Lambda and function bodies

Lambdas and def both compile their body into a fresh SSAChunk:

self.with_fresh_chunk(|s| {
    s.ssa_versions = outer_versions.clone();
    for p in &params { s.ssa_versions.insert(p.clone(), 0); }
    s.expr(); // or compile_block_body for def
    s.chunk.emit(OpCode::ReturnValue, 0);
});

Free variables (non-parameters with no local binding) are looked up in the outer chunk. MakeFunction captures matching slots from the enclosing scope into captures (snapshotted, no cell objects). Nested def/lambda push their free names back into the parent’s name table, capture propagates through any depth (A -> B -> C where C references a var in A).

Parameter slots: Normal, Star (*args), DoubleStar (**kwargs). Lone * separator marks following params as keyword-only. Defaults live in HeapObj::Func.defaults and apply to the last-N positional slots. Annotations (x: T, -> T) parse and drain to chunk.annotations (tooling-only).

compile_body checks impurity opcodes (StoreItem, StoreAttr, CallPrint, CallInput, Global, Nonlocal, Import, Raise, Yield, LoadAttr) to set body.is_pure — the flag that gates template memoisation (Design).

Type annotations

Parsed for source compatibility, discarded at runtime:

counter: int = 0   # annotation 'int' parsed and stored, slot still gets 0
def f(x: int) -> int:   # annotations on params and return parsed and skipped
    return x

Recorded in chunk.annotations: HashMap<String, String> for tooling; no code emitted. f.__annotations__ is not exposed at runtime, but f.__name__ is (resolved in resolve_attr, also on type objects and classes).

Comprehensions and generators

List/set/dict comprehensions support multi-for and multi-if.

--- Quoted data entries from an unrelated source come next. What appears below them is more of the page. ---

(* Let $(V,m)$ be a discrete measure space and $(b,c)$ a graph over $(V,m)$. If $Q^{(N)}\neq Q^{(D)}$, then there exists a non-negative function $u\in D(Q^{(N)})\cap\ell^\infty(V)$, $u\not\equiv 0$, with $(\widetilde L+1)u=0$.
   Context: $V$ is a finite or countably infinite set and $m:V\to(0,\infty)$; $(V,m)$ is a discrete measure space. $C(V)$ is the set of all functions $V\to\mathbb C$, $C_c(V)$ the finitely supported ones, and $\ell^2(V,m)$ carries $\langle u,v\rangle=\sum_x u(x)\overline{v(x)}m(x)$. A graph over $(V,m)$ is a pair $(b,c)$ with $c:V\to[0,\infty)$, $b:V\times V\to[0,\infty)$, $b(x,x)=0$, $b(x,y)=b(y,x)$, $\sum_y b(x,y)<\infty$. Let $\widetilde F=\{u\in C(V):\sum_y|b(x,y)u(y)|<\infty\ \forall x\}$ and $\widetilde L u(x)=\frac{1}{m(x)}\sum_y b(x,y)(u(x)-u(y))+\frac{c(x)}{m(x)}u(x)$ for $u\in\widetilde F$. $Q^{(N)}$ is the form on $\ell^2(V,m)$ with domain $D(Q^{(N)})=\{u\in\ell^2(V,m):\frac12\sum_{x,y}b(x,y)|u(x)-u(y)|^2+\sum_x c(x)|u(x)|^2<\infty\}$ and $Q^{(N)}(u,v)=\frac12\sum_{x,y}b(x,y)(u(x)-u(y))\overline{(v(x)-v(y))}+\sum_x c(x)u(x)\overline{v(x)}$; it is non-negative, symmetric and closed, and $D(Q^{(N)})\subseteq\widetilde F$. $Q^{(D)}$ is the closure of the restriction of $Q^{(N)}$ to $C_c(V)$. Two forms are equal if they have the same domain and agree on it. *)

theory Defs
  imports "HOL-Analysis.Analysis"
begin

text \<open>Vertices: a type of class countable (finite or countably infinite set V).
  Functions on V are complex valued. A form on l2(V,m) is represented as a pair
  (domain, sesquilinear map).\<close>

type_synonym 'v form = "('v \<Rightarrow> complex) set \<times> (('v \<Rightarrow> complex) \<Rightarrow> ('v \<Rightarrow> complex) \<Rightarrow> complex)"

definition is_graph :: "('v \<Rightarrow> real) \<Rightarrow> ('v \<Rightarrow> 'v \<Rightarrow> real) \<Rightarrow> ('v \<Rightarrow> real) \<Rightarrow> bool" where
  "is_graph m b c \<longleftrightarrow> (\<forall>x. m x > 0) \<and> (\<forall>x. c x \<ge> 0) \<and> (\<forall>x y. b x y \<ge> 0)
     \<and> (\<forall>x. b x x = 0) \<and> (\<forall>x y. b x y = b y x) \<and> (\<forall>x. b x summable_on UNIV)"

definition ell2 :: "('v \<Rightarrow> real) \<Rightarrow> ('v \<Rightarrow> complex) set" where
  "ell2 m = {u. (\<lambda>x. (cmod (u x))\<^sup>2 * m x) summable_on UNIV}"

definition ell2_norm :: "('v \<Rightarrow> real) \<Rightarrow> ('v \<Rightarrow> complex) \<Rightarrow> real" where
  "ell2_norm m u = sqrt (\<Sum>\<^sub>\<infinity>x. (cmod (u x))\<^sup>2 * m x)"

definition ell_infty :: "('v \<Rightarrow> complex) set" where
  "ell_infty = {u. \<exists>C. \<forall>x. cmod (u x) \<le> C}"

definition finsupp :: "('v \<Rightarrow> complex) set" where
  "finsupp = {u. finite {x. u x \<noteq> 0}}"

definition DQN :: "('v \<Rightarrow> real) \<Rightarrow> ('v \<Rightarrow> 'v \<Rightarrow> real) \<Rightarrow> ('v \<Rightarrow> real) \<Rightarrow> ('v \<Rightarrow> complex) set" where
  "DQN m b c = {u. u \<in> ell2 m
      \<and> (\<lambda>(x,y). b x y * (cmod (u x - u y))\<^sup>2) summable_on UNIV
      \<and> (\<lambda>x. c x * (cmod (u x))\<^sup>2) summable_on UNIV}"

Lower to BuildList / BuildSet / BuildDict plus a loop scaffold using ListAppend / SetAdd / MapAdd.

Generator expressions (i*2 for i in xs) lower eagerly to BuildList, operationally equivalent to [i*2 for i in xs]. Deliberate: template memoisation needs hashable, finite args; lazy generators wouldn’t memoise. For unbounded streams, write a def with yield (real HeapObj::Coroutine).

Async comprehensions ([x async for x in y]) and starred-unpack inside comprehensions unsupported.

F-string lowering

f"hello {name}, age {age}"

Lowers to:

LoadConst "hello "
LoadName  name_v
FormatValue 0
LoadConst ", age "
LoadName  age_v
FormatValue 0
BuildString 5

FormatValue’s 16-bit operand is a small flags field:

  • bit 0, set when a format spec string is on the stack just below the value (collected as the raw text between : and } and emitted as a constant).
  • bits 1,2, conversion: 0 none, 1 !r, 2 !s, 3 !a.

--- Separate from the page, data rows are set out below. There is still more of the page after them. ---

(* For every list (any length and initial order) and every request sequence $\sigma$, in the full cost model, $$\mathrm{MTFO}(\sigma)+\mathrm{MTFE}(\sigma)\le 4\cdot\mathrm{OPT}(\sigma).$$
   Context: Static list update: a list of distinct items in some initial order; serving a request to the item at position $i$ (from the front) costs $i$ (full cost model); the accessed item may be moved closer to the front for free (free exchange); two adjacent items may be swapped at cost $1$ (paid exchange). $A(\sigma)$ is the total cost of algorithm $A$ and $\mathrm{OPT}(\sigma)$ the minimum cost of any offline algorithm from the same initial list. MTFO moves a requested item to the front on the 1st, 3rd, 5th, ... request to that item; MTFE on the 2nd, 4th, 6th, ... request; otherwise they leave it in place, and they make no paid exchanges. *)

theory Defs
  imports Main
begin

text \<open>Static list update, full cost model. Positions are 0-based internally
(pos), so serving the item at (1-based) position i costs index + 1.\<close>

text \<open>0-based position of the first occurrence of x in xs (length xs if absent).\<close>
fun pos :: "'a list \<Rightarrow> 'a \<Rightarrow> nat" where
  "pos [] x = 0"
| "pos (y # ys) x = (if y = x then 0 else Suc (pos ys x))"

text \<open>Paid exchange: swap the adjacent items at positions i and i+1
(no effect on the list if out of range, but it is still paid for).\<close>
definition swap :: "nat \<Rightarrow> 'a list \<Rightarrow> 'a list" where
  "swap i xs = (if Suc i < length xs then xs[i := xs ! Suc i, Suc i := xs ! i] else xs)"

fun swaps :: "nat list \<Rightarrow> 'a list \<Rightarrow> 'a list" where
  "swaps [] xs = xs"
| "swaps (i # is) xs = swap i (swaps is xs)"

definition move_fwd :: "nat \<Rightarrow> 'a \<Rightarrow> 'a list \<Rightarrow> 'a list" where
  "move_fwd k x xs = (if x \<in> set xs \<and> k \<le> pos xs x
     then (let ys = remove1 x xs in take k ys @ x # drop k ys) else xs)"

text \<open>An offline action for one request: a list of paid exchanges performed
before serving the request, and the target position of the free exchange
applied to the requested item after serving it.\<close>
type_synonym action = "nat list \<times> nat"

fun cost_off :: "'a list \<Rightarrow> 'a list \<Rightarrow> action list \<Rightarrow> nat" where
  "cost_off s (x # rs) ((sws, k) # as) =
     length sws + (pos (swaps sws s) x + 1)
     + cost_off (move_fwd k x (swaps sws s)) rs as"
| "cost_off s _ _ = 0"

definition OPT :: "'a list \<Rightarrow> 'a list \<Rightarrow> nat" where
  "OPT init rs = Inf {cost_off init rs as | as. length as = length rs}"

definition mtf :: "'a \<Rightarrow> 'a list \<Rightarrow> 'a list" where
  "mtf x xs = (if x \<in> set xs then x # remove1 x xs else xs)"

text \<open>Counter-based move-to-front: on the c-th request to x (c counting from 1)
move x to the front iff (odd c) = p. p = True gives MTFO, p = False gives MTFE.
No paid exchanges.\<close>
fun run_parity :: "bool \<Rightarrow> ('a \<Rightarrow> nat) \<Rightarrow> 'a list \<Rightarrow> 'a list \<Rightarrow> nat" where
  "run_parity p c s [] = 0"
| "run_parity p c s (x # rs) =
     (let c' = c(x := Suc (c x));
          s' = (if odd (c' x) = p then mtf x s else s)
      in pos s x + 1 + run_parity p c' s' rs)"

definition MTFO :: "'a list \<Rightarrow> 'a list \<Rightarrow> nat" where
  "MTFO init rs = run_parity True (\<lambda>_. 0) init rs"

definition MTFE :: "'a list \<Rightarrow> 'a list \<Rightarrow> nat" where
  "MTFE init rs = run_parity False (\<lambda>_. 0) init rs"

end

theory Submission
  imports Defs
begin

text \<open>Amortized analysis with a potential over ordered pairs of distinct items.
A pair on which the list of MTFO (or of MTFE) disagrees with the offline list
weighs 1 or 2: the number of further requests to the item that is first in the
offline list until the algorithm moves that item to the front. On a request to
x, exactly one of the two algorithms moves x to the front and the other advances
the phase of x; the resulting drop of the potential pays for twice the positions
of x in both lists, up to eight times its position in the offline list. A paid
exchange reorders a single pair, changing the potential by at most 6. As the
initial potential is 0, summing up gives 2 (MTFO + MTFE) \<le> 8 OPT.\<close>

lemma pos_less_length: "x \<in> set xs \<Longrightarrow> pos xs x < length xs"
  by (induction xs) auto

lemma nth_pos: "x \<in> set xs \<Longrightarrow> xs ! pos xs x = x"
  by (induction xs) auto

lemma pos_nth: "distinct xs \<Longrightarrow> i < length xs \<Longrightarrow> pos xs (xs ! i) = i"
proof (induction xs arbitrary: i)
  case (Cons y ys)
  then show ?case by (cases i) (auto simp: nth_mem)
qed simp

lemma pos_eq_iff: "a \<in> set xs \<Longrightarrow> b \<in> set xs \<Longrightarrow> pos xs a = pos xs b \<longleftrightarrow> a = b"
  by (metis nth_pos)

lemma pos_take_Cons_drop:
  assumes "x \<notin> set ys" "a \<in> set ys \<or> a = x"
  shows "pos (take k ys @ x # drop k ys) a =
    (if a = x then min k (length ys) else if pos ys a < k then pos ys a else Suc (pos ys a))"
  using assms
proof (induction ys arbitrary: k)
  case (Cons y ys)
  then show ?case by (cases k) auto
qed simp

lemma pos_remove1:
  assumes "distinct xs" "x \<in> set xs" "a \<in> set xs" "a \<noteq> x"
  shows "pos (remove1 x xs) a = (if pos xs a < pos xs x then pos xs a else pos xs a - 1)"
  using assms
proof (induction xs)
  case (Cons y ys)
  show ?case
  proof (cases "y = x \<or> a = y")
    case False
    then have "a \<in> set ys" "x \<in> set ys" using Cons.prems by auto
    with Cons.prems False show ?thesis
      using Cons.IH pos_eq_iff[of a ys x] by auto
  qed (use Cons.prems in auto)
qed simp

definition precedes :: "'a list \<Rightarrow> 'a \<Rightarrow> 'a \<Rightarrow> bool" where
  "precedes xs a b \<longleftrightarrow> pos xs a < pos xs b"

lemma not_precedes_iff:
  "a \<in> set xs \<Longrightarrow> b \<in> set xs \<Longrightarrow> a \<noteq> b \<Longrightarrow> \<not> precedes xs a b \<longleftrightarrow> precedes xs b a"
  unfolding precedes_def using pos_eq_iff[of a xs b] by auto

lemma card_pos_less:
  assumes "distinct xs" "x \<in> set xs"
  shows "card {a \<in> set xs. pos xs a < pos xs x} = pos xs x"
proof -
  have "bij_betw (pos xs) {a \<in> set xs. pos xs a < pos xs x} {..<pos xs x}"
  proof (rule bij_betw_imageI)
    show "inj_on (pos xs) {a \<in> set xs. pos xs a < pos xs x}"
      by (rule inj_onI) (simp add: pos_eq_iff)
    have "j \<in> pos xs ` {a \<in> set xs. pos xs a < pos xs x}" if "j < pos xs x" for j
    proof -
      have "j < length xs" using that pos_less_length[OF assms(2)] by simp
      then show ?thesis
        using that pos_nth[OF assms(1)] by (intro image_eqI[of _ _ "xs ! j"]) auto
    qed
    then show "pos xs ` {a \<in> set xs. pos xs a < pos xs x} = {..<pos xs x}" by auto
  qed
  then show ?thesis by (simp add: bij_betw_same_card)
qed

lemma pos_eq_sum_precedes:
  assumes "distinct xs" "x \<in> set xs"
  shows "pos xs x = (\<Sum>a\<in>set xs - {x}. of_bool (precedes xs a x))"
proof -
  have "(\<Sum>a\<in>set xs - {x}. of_bool (precedes xs a x) :: nat) = card ((set xs - {x}) \<inter> {a. precedes xs a x})"
    by (simp add: sum.If_cases)
  also have "(set xs - {x}) \<inter> {a. precedes xs a x} = {a \<in> set xs. pos xs a < pos xs x}"
    unfolding precedes_def by auto
  finally show ?thesis using card_pos_less[OF assms] by simp
qed

lemma insert_set_remove1: "x \<in> set xs \<Longrightarrow> insert x (set (remove1 x xs)) = set xs"
  by (induction xs) auto

lemma set_mtf: "set (mtf x xs) = set xs"
  unfolding mtf_def by (simp add: insert_set_remove1)

lemma distinct_mtf: "distinct xs \<Longrightarrow> distinct (mtf x xs)"
  unfolding mtf_def by auto

lemma set_move_fwd: "set (move_fwd k x xs) = set xs"
proof -
  have "set (take k ys @ x # drop k ys) = insert x (set ys)" for ys :: "'a list"
    by (metis Un_insert_right append_take_drop_id list.set(2) set_append)
  then show ?thesis unfolding move_fwd_def by (simp add: Let_def insert_set_remove1)
qed

lemma distinct_move_fwd:
  assumes "distinct xs"
  shows "distinct (move_fwd k x xs)"
proof -
  have "distinct (take k ys @ x # drop k ys)" if "distinct ys" "x \<notin> set ys" for ys
  proof -
    have "distinct (take k ys @ drop k ys)" using that(1) by simp
    then show ?thesis
      using that(2) by (auto dest: in_set_takeD in_set_dropD simp del: append_take_drop_id)
  qed
  then show ?thesis using assms unfolding move_fwd_def by (auto simp: Let_def)
qed

lemma set_swaps: "set (swaps is xs) = set xs"
  by (induction "is") (auto simp: swap_def set_swap)

lemma distinct_swaps: "distinct xs \<Longrightarrow> distinct (swaps is xs)"
  by (induction "is") (auto simp: swap_def distinct_swap)

lemma precedes_mtf_other:
  assumes "distinct xs" "x \<in> set xs" "a \<in> set xs" "b \<in> set xs" "a \<noteq> x" "b \<noteq> x"
  shows "precedes (mtf x xs) a b = precedes xs a b"
proof -
  have "pos xs a \<noteq> pos xs x" "pos xs b \<noteq> pos xs x" using assms pos_eq_iff by metis+
  with assms show ?thesis unfolding precedes_def mtf_def by (auto simp: pos_remove1)
qed

lemma precedes_mtf_front: "x \<in> set xs \<Longrightarrow> a \<noteq> x \<Longrightarrow> \<not> precedes (mtf x xs) a x"
  unfolding precedes_def mtf_def by auto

VM applies conversion first, then the spec mini-language [[fill]align][sign][#][0][width][,][.precision][type] with type chars s d b o x X f F e E g G n % c. n aliases d (no locale). = self-documenting form ({expr=}) emits a literal expr= prefix. Adjacent string literals concatenate at parse time. Spec parse failures -> ValueError at runtime.

Limits

ConstantValuePurpose
MAX_EXPR_DEPTH200Cap on recursive expression parsing
MAX_INSTRUCTIONS65,535Cap on instructions per chunk

MAX_EXPR_DEPTH -> diagnostic (“expression too deeply nested”). MAX_INSTRUCTIONS -> sets chunk.overflow = true, reported at end of parsing; instruction stream cleared rather than dispatched.

References

  • Pratt. Top Down Operator Precedence (POPL 1973). Precedence climbing.
  • Cytron et al. Efficiently Computing Static Single Assignment Form (TOPLAS 1991). SSA, phi-nodes.
  • Crafting Interpreters, by Robert Nystrom: craftinginterpreters.com, single-pass codegen patterns.
  • Casey et al. Towards Superinstructions for Java Interpreters (SCOPES 2003). LoadAttr+Call fusion.